I laugh, and Tedi looks at me with those eyes again. Soft and warm like in the past when I did something sweet and unexpected. But there’s no “I love you” sex coming my way this time. That’s okay. She’s worth waiting for.
“You want in The Nest?” Rowan asks. He flicks his gaze to Kyleigh, and something passes between them. I don’t like it. As if he’s going out just like Henry and Jade.
“No. I don’t want to move into The Nest. I want to move into one of your condos.”
“No baseball players,” Conor mumbles around his food. “Colts don’t live in nests.”
Easton rolls his eyes. “No shit, dumbass.”
“Kid ears,” Henry says.
“Sorry,” Easton mumbles.
“Maybe you could call it The Barn,” Henry says.
“Or The Stables,” I add.
“No, The Pen,” Rowan says with a laugh.
“Why don’t you three move out and we move in?” Decker says.
“Then you’d miss that Mexican restaurant near you. It’s so cute.” Tedi looks at Decker.
I turn to her. “I thought it was fake?” I wave my finger between the two of them, eyebrows drawing down.
“It’s been, what, two minutes, and he’s already jealous again. Run, Tedi.”
I throw a creamer pouch at Rowan, and he catches it.
“We met there when I asked him to be my fake boyfriend.” She smiles at Decker.
“Remind me to talk to you later,” I say to him.
Decker rolls his eyes. “Hey, I got so drunk I threw up. I took a puck in the face. And I got hot sauce in my eye. I think I was punished enough.”
“No good deed goes unpunished,” Easton says.
The whole table laughs.
“You really were a good sport. I would’ve backed out after the puck thing for sure,” Henry says.

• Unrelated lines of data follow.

(* Let $n\ge3$. Let $(\mu,\Sigma)$ satisfy the normalization below, with $\operatorname{Tr}(\Sigma)=n$, and the observability assumption with parameter $\gamma\in(0,1)$. Then for every $i\in[n]$, $$\Sigma_{ii}\le\frac{100\log(8/\gamma)}{\gamma^2}.$$
   Context: Probit model: utilities $X\sim\mathcal{N}(\mu,\Sigma)$ with $\mu\in\mathbb{R}^n$ and $\Sigma$ symmetric positive semidefinite. Normalization: $\langle\mu,\mathbf 1\rangle=0$, $\Sigma\mathbf1=0$, $\operatorname{Tr}(\Sigma)=n$, and $\operatorname{rank}(\Sigma)=n-1$. Observability assumption: for all pairwise distinct $i,j,k\in[n]$, $\Pr\{X_i>X_j>X_k\}\ge\gamma$. $\log$ is the natural logarithm. *)

theory Defs
  imports "HOL-Analysis.Analysis" "HOL-Probability.Probability"
begin

definition std_gaussian :: "(real^'n::finite) measure" where
  "std_gaussian = density lborel (\<lambda>z. ennreal (\<Prod>i\<in>UNIV. std_normal_density (z $ i)))"

text \<open>Law of X = mu + A Z with Z standard Gaussian; this is N(mu, A A^T).
  Every N(mu, Sigma) with Sigma PSD arises this way (A any matrix with A A^T = Sigma),
  and the law depends only on A A^T.\<close>
definition gaussian_vec :: "real^'n \<Rightarrow> real^'n^'n \<Rightarrow> (real^'n::finite) measure" where
  "gaussian_vec mu A = distr std_gaussian borel (\<lambda>z. mu + A *v z)"

end

theory Submission imports Defs begin

text \<open>Write \<open>X = mu + A Z\<close>, so that \<open>Sigma i i = \<parallel>A i\<parallel>\<^sup>2\<close> and each difference \<open>X p - X q\<close> is
  normal with standard deviation \<open>\<parallel>A p - A q\<parallel>\<close>. As the trace is \<open>n\<close>, at least three rows have
  \<open>\<parallel>A l\<parallel>\<^sup>2 \<le> 3\<close>; take two of them, \<open>j\<close> and \<open>k\<close>, other than \<open>i\<close>, and let \<open>W = X j - X k\<close> and
  \<open>V = X i - X k\<close> have standard deviations \<open>\<tau> \<le> 4\<close> and \<open>\<sigma>\<close>. The ranking \<open>k > j > i\<close> gives
  \<open>P(W < 0) \<ge> \<gamma>\<close>, which by the Gaussian tail bound caps the mean of \<open>W\<close> at
  \<open>\<tau> sqrt(2 ln(1/\<gamma>))\<close>; hence \<open>W\<close> exceeds \<open>t = 2 \<tau> sqrt(2 ln(2/\<gamma>))\<close> with probability at
  most \<open>\<gamma>/2\<close>. The ranking \<open>j > i > k\<close> gives \<open>P(0 < V < W) \<ge> \<gamma>\<close>, hence
  \<open>P(0 < V \<le> t) \<ge> \<gamma>/2\<close>; as the density of \<open>V\<close> is at most \<open>1/(\<sigma> sqrt(2\<pi>))\<close>, this bounds \<open>\<sigma>\<close>,
  and \<open>\<parallel>A i\<parallel> \<le> \<sigma> + 2\<close>.\<close>

lemma density_PiM_prod:
  fixes f :: "'a \<Rightarrow> ennreal" and I :: "'i set"
  assumes I: "finite I" and f[measurable]: "f \<in> borel_measurable M"
    and M: "sigma_finite_measure M" and Mf: "sigma_finite_measure (density M f)"
  shows "density (PiM I (\<lambda>_. M)) (\<lambda>x. \<Prod>i\<in>I. f (x i)) = PiM I (\<lambda>_. density M f)"
proof -
  interpret Mf: product_sigma_finite "\<lambda>_::'i. density M f" using Mf by (simp add: product_sigma_finite_def)
  interpret M: product_sigma_finite "\<lambda>_::'i. M" using M by (simp add: product_sigma_finite_def)
  show ?thesis
  proof (rule Mf.PiM_eqI[OF I])
    show "sets (density (PiM I (\<lambda>_. M)) (\<lambda>x. \<Prod>i\<in>I. f (x i))) = sets (PiM I (\<lambda>_. density M f))"
      unfolding sets_density by (rule sets_PiM_cong) auto
  next
    fix A assume A: "\<And>i. i \<in> I \<Longrightarrow> A i \<in> sets (density M f)"
    then have A': "\<And>i. i \<in> I \<Longrightarrow> A i \<in> sets M" by simp
    have "emeasure (density (PiM I (\<lambda>_. M)) (\<lambda>x. \<Prod>i\<in>I. f (x i))) (Pi\<^sub>E I A)
        = (\<integral>\<^sup>+ x. (\<Prod>i\<in>I. f (x i)) * indicator (Pi\<^sub>E I A) x \<partial>PiM I (\<lambda>_. M))"
      using A' I by (subst emeasure_density) (auto intro!: sets_PiM_I_finite)
    also have "\<dots> = (\<integral>\<^sup>+ x. (\<Prod>i\<in>I. f (x i) * indicator (A i) (x i)) \<partial>PiM I (\<lambda>_. M))"
    proof (intro nn_integral_cong)
      fix x assume "x \<in> space (PiM I (\<lambda>_. M))"
      then have "x \<in> extensional I" by (simp add: space_PiM PiE_def)
      then have "indicator (Pi\<^sub>E I A) x = (\<Prod>i\<in>I. indicator (A i) (x i) :: ennreal)"
        using I by (auto simp: indicator_def PiE_iff)
      then show "(\<Prod>i\<in>I. f (x i)) * indicator (Pi\<^sub>E I A) x = (\<Prod>i\<in>I. f (x i) * indicator (A i) (x i))"
        by (simp add: prod.distrib)
    qed
    also have "\<dots> = (\<Prod>i\<in>I. \<integral>\<^sup>+ y. f y * indicator (A i) y \<partial>M)"
      using A' I by (intro M.product_nn_integral_prod[where f = "\<lambda>i y. f y * indicator (A i) y"]) simp_all
    also have "\<dots> = (\<Prod>i\<in>I. emeasure (density M f) (A i))"
      using A' by (intro prod.cong refl) (simp add: emeasure_density)
    finally show "emeasure (density (PiM I (\<lambda>_. M)) (\<lambda>x. \<Prod>i\<in>I. f (x i))) (Pi\<^sub>E I A)
        = (\<Prod>i\<in>I. emeasure (density M f) (A i))" .
  qed
qed

abbreviation std_normal_measure :: "real measure" where
  "std_normal_measure \<equiv> density lborel std_normal_density"

lemma Basis_vec_eq_range_axis: "(Basis :: (real^'n) set) = range (\<lambda>i. axis i 1)"
  by (auto simp: Basis_vec_def)

lemma inj_axis_1: "inj (\<lambda>i::'n::finite. axis i (1::real))"
  by (auto simp: inj_def axis_eq_axis)

lemma sum_Basis_vec_nth:
  fixes f :: "real^'n \<Rightarrow> real"
  shows "(\<Sum>b\<in>Basis. f b * b $ i) = f (axis i 1)"
  unfolding Basis_vec_eq_range_axis sum.reindex[OF inj_axis_1]
  by (simp add: axis_def if_distrib[of "(*) _"] cong: if_cong)

lemma std_gaussian_eq_distr_PiM:
  "(std_gaussian :: (real^'n) measure) =
     distr (PiM Basis (\<lambda>_. std_normal_measure)) borel (\<lambda>f. \<Sum>b\<in>Basis. f b *\<^sub>R b)"
proof -
  let ?T = "\<lambda>f. \<Sum>b\<in>(Basis::(real^'n) set). f b *\<^sub>R b"
  let ?g = "\<lambda>z::real^'n. ennreal (\<Prod>i\<in>UNIV. std_normal_density (z $ i))"
  have "std_gaussian = density (distr (PiM Basis (\<lambda>_. lborel)) borel ?T) ?g"
    unfolding std_gaussian_def by (subst lborel_eq) simp
  also have "\<dots> = distr (density (PiM Basis (\<lambda>_. lborel)) (\<lambda>f. ?g (?T f))) borel ?T"
    by (rule density_distr) auto
  also have "(\<lambda>f. ?g (?T f)) = (\<lambda>f. \<Prod>b\<in>Basis. ennreal (std_normal_density (f b)))"
  proof
    fix f :: "real^'n \<Rightarrow> real"
    have "(\<Prod>i\<in>UNIV. std_normal_density (?T f $ i)) = (\<Prod>b\<in>Basis. std_normal_density (f b))"
      by (simp add: sum_Basis_vec_nth) (simp add: Basis_vec_eq_range_axis prod.reindex[OF inj_axis_1])
    then show "?g (?T f) = (\<Prod>b\<in>Basis. ennreal (std_normal_density (f b)))"
      by (simp add: prod_ennreal)
  qed
  also have "density (PiM Basis (\<lambda>_. lborel)) (\<lambda>f. \<Prod>b\<in>Basis. ennreal (std_normal_density (f b)))
      = PiM (Basis :: (real^'n) set) (\<lambda>_. std_normal_measure)"
    using prob_space_normal_density[of 1 0]
    by (intro density_PiM_prod)
      (auto simp: prob_space_imp_sigma_finite lborel.sigma_finite_measure_axioms)
  finally show ?thesis .
qed

lemma indep_vars_PiM_components:
  assumes I: "finite I" "I \<noteq> {}" and M: "\<And>i. i \<in> I \<Longrightarrow> prob_space (M i)"
  shows "prob_space.indep_vars (PiM I M) M (\<lambda>i x. x i) I"
proof -
  interpret P: prob_space "PiM I M" using I M by (intro prob_space_PiM) auto
  have "distr (PiM I M) (PiM I M) (\<lambda>x. \<lambda>i\<in>I. x i) = distr (PiM I M) (PiM I M) (\<lambda>x. x)"
    by (rule distr_cong) (auto simp: space_PiM PiE_def extensional_restrict)
  also have "\<dots> = PiM I M"
    by (rule distr_id)
  also have "\<dots> = PiM I (\<lambda>i. distr (PiM I M) (M i) (\<lambda>x. x i))"
    using M by (intro PiM_cong refl) (simp add: distr_PiM_component)
  finally show ?thesis
    using I by (subst P.indep_vars_iff_distr_eq_PiM') auto
qed

lemma distributed_PiM_std_normal_component:
  assumes "i \<in> I"
  shows "distributed (PiM I (\<lambda>_. std_normal_measure)) lborel (\<lambda>x. x i) std_normal_density"
proof -
  have "distr (PiM I (\<lambda>_. std_normal_measure)) lborel (\<lambda>x. x i)
      = distr (PiM I (\<lambda>_. std_normal_measure)) std_normal_measure (\<lambda>x. x i)"
    by (rule distr_cong) auto
  also have "\<dots> = std_normal_measure"
    using assms prob_space_normal_density[of 1 0] by (intro distr_PiM_component) auto
  finally show ?thesis
    using assms by (auto simp: distributed_def measurable_cong_sets[OF _ sets_lborel])
qed

lemma distributed_weighted_sum_PiM_std_normal:
  fixes c :: "'i \<Rightarrow> real"
  assumes I: "finite I" and c: "\<exists>i\<in>I. c i \<noteq> 0"
  shows "distributed (PiM I (\<lambda>_. std_normal_measure)) lborel (\<lambda>x. \<Sum>i\<in>I. c i * x i)
           (normal_density 0 (sqrt (\<Sum>i\<in>I. (c i)\<^sup>2)))"
proof -
  interpret P: prob_space "PiM I (\<lambda>_. std_normal_measure)"
    using I prob_space_normal_density[of 1 0] by (intro prob_space_PiM) auto
  define J where "J = {i\<in>I. c i \<noteq> 0}"
  have J: "finite J" "J \<noteq> {}" "J \<subseteq> I"
    using I c by (auto simp: J_def)
  have "P.indep_vars (\<lambda>_. std_normal_measure) (\<lambda>i x. x i) J"
    using J I prob_space_normal_density[of 1 0]
    by (intro P.indep_vars_subset[OF indep_vars_PiM_components]) auto
  then have indep: "P.indep_vars (\<lambda>_. borel) (\<lambda>i x. c i * x i) J"
    by (rule P.indep_vars_compose2) auto
  have "distributed (PiM I (\<lambda>_. std_normal_measure)) lborel (\<lambda>x. c i * x i) (normal_density 0 \<bar>c i\<bar>)"
    if "i \<in> J" for i
  proof -
    have "i \<in> I" "c i \<noteq> 0" using that by (auto simp: J_def)
    from P.normal_density_affine[OF distributed_PiM_std_normal_component[OF this(1)] _ this(2), of 0]
    show ?thesis by simp
  qed
  then have "distributed (PiM I (\<lambda>_. std_normal_measure)) lborel (\<lambda>x. \<Sum>i\<in>J. c i * x i)
      (normal_density (\<Sum>i\<in>J. 0) (sqrt (\<Sum>i\<in>J. \<bar>c i\<bar>\<^sup>2)))"
    using J indep by (intro P.sum_indep_normal) (auto simp: J_def)
  moreover have "(\<Sum>i\<in>J. c i * x i) = (\<Sum>i\<in>I. c i * x i)" for x
    unfolding J_def using I by (intro sum.mono_neutral_left) auto
  moreover have "(\<Sum>i\<in>J. \<bar>c i\<bar>\<^sup>2) = (\<Sum>i\<in>I. (c i)\<^sup>2)"
    unfolding J_def using I by (intro sum.mono_neutral_cong_left) auto
  ultimately show ?thesis by simp
qed

lemma prob_space_std_gaussian: "prob_space std_gaussian"
  unfolding std_gaussian_eq_distr_PiM
  using prob_space_normal_density[of 1 0]
  by (intro prob_space.prob_space_distr prob_space_PiM) auto

lemma borel_measurable_affine_vec:
  "(\<lambda>z. mu + A *v z) \<in> borel_measurable (borel :: (real^'n) measure)"
  by (intro borel_measurable_continuous_onI continuous_intros)

lemma measurable_affine_std_gaussian:
  "(\<lambda>z. mu + A *v z) \<in> measurable (std_gaussian :: (real^'n) measure) borel"
  using borel_measurable_affine_vec by (simp add: std_gaussian_def)

lemma prob_space_gaussian_vec: "prob_space (gaussian_vec mu A)"
  unfolding gaussian_vec_def
  by (rule prob_space.prob_space_distr[OF prob_space_std_gaussian measurable_affine_std_gaussian])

Our breakfast arrives, and as Tedi takes a knife and fork to her pancakes, a thought occurs to me. If I don’t get another contract with Chicago, mornings like this are all over. It’ll be another team and another found family I’ll have to leave. Will I be able to handle it? Will I be able to not spiral again? For Tedi, I would, but I’d miss this. I’d miss them.
Tedi puts her hand on my thigh. “Aren’t you going to eat?”
I take her hand and put it on her lap. “No touching, remember?”
She shakes her head with a smile and goes back to eating her pancakes, joining in the conversation with my friends as if she’s been here since day one.
I finally realize only one thing matters. Wherever I go, Tedi has to be by my side. Everything else is just extra.
So I spend the rest of the breakfast thinking of ways to get us to that finish line.